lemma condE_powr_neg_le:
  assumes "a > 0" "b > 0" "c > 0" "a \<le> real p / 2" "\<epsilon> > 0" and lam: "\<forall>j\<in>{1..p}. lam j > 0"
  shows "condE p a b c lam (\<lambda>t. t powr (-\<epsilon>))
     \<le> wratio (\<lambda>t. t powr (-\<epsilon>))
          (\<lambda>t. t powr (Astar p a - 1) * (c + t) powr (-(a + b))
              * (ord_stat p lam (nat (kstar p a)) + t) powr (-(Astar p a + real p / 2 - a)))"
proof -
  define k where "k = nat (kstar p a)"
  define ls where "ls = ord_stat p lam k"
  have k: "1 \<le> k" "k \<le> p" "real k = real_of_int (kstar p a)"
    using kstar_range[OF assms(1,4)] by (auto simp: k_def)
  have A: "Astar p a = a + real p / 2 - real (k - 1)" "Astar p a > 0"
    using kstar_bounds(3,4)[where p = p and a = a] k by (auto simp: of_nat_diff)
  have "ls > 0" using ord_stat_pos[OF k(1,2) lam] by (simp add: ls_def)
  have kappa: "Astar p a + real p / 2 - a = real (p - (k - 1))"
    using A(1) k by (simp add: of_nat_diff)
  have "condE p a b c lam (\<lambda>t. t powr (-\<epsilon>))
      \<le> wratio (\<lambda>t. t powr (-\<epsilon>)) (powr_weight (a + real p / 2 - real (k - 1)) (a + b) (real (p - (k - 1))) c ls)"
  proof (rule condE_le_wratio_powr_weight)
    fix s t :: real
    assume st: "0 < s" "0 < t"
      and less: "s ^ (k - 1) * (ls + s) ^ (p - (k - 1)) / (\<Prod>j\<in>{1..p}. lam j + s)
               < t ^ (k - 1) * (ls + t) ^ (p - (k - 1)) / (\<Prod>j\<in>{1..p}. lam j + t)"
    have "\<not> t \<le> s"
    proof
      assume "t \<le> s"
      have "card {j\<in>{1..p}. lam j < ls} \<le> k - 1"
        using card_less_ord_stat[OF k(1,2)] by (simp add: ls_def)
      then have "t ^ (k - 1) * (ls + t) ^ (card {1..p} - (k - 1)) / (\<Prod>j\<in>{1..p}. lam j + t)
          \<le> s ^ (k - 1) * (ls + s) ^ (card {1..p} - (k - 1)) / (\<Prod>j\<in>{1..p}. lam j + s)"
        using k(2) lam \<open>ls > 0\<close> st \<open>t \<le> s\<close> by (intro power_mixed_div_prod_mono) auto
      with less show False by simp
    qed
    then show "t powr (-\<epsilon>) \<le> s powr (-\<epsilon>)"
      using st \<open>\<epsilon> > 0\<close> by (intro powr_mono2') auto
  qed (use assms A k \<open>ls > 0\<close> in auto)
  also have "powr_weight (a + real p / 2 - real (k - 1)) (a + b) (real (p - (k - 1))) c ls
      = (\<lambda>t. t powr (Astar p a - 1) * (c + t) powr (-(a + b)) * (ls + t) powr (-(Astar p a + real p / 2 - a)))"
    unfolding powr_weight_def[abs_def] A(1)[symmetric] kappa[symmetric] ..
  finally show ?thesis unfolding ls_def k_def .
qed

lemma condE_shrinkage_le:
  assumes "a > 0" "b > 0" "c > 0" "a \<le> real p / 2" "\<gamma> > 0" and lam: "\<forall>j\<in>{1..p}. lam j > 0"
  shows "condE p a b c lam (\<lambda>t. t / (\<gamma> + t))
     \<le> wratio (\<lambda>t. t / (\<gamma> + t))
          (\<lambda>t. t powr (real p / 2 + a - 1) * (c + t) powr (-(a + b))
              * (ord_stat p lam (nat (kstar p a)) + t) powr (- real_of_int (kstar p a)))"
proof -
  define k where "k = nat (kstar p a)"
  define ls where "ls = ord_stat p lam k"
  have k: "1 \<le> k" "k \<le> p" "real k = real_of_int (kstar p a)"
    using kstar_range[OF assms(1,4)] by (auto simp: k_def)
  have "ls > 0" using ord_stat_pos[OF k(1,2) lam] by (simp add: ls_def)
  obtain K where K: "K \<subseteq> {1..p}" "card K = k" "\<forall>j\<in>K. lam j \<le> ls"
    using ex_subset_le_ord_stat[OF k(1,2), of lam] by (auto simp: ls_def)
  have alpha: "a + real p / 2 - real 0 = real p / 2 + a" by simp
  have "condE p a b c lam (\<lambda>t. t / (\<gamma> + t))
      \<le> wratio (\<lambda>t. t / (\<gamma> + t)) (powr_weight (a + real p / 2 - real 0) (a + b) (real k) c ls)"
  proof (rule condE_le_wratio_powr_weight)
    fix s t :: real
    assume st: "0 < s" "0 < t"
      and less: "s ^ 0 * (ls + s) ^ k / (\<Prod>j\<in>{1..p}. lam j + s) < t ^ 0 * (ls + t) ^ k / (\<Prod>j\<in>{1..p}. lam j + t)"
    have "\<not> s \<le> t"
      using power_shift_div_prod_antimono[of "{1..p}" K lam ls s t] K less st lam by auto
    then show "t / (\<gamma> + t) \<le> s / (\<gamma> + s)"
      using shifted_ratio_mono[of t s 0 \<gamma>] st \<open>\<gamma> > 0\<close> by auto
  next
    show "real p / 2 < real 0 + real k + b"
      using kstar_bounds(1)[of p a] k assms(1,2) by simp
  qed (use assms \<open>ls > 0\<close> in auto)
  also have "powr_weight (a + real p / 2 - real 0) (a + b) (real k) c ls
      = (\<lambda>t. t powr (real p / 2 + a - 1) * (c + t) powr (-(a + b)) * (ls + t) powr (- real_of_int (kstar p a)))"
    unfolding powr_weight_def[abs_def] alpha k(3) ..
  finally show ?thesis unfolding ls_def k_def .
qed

* Required action: Go through the listing above, and whenever a line holds the word "also", copy it.

* Solution for this task:
  also have "powr_weight (a + real p / 2 - real (k - 1)) (a + b) (real (p - (k - 1))) c ls
  also have "powr_weight (a + real p / 2 - real 0) (a + b) (real k) c ls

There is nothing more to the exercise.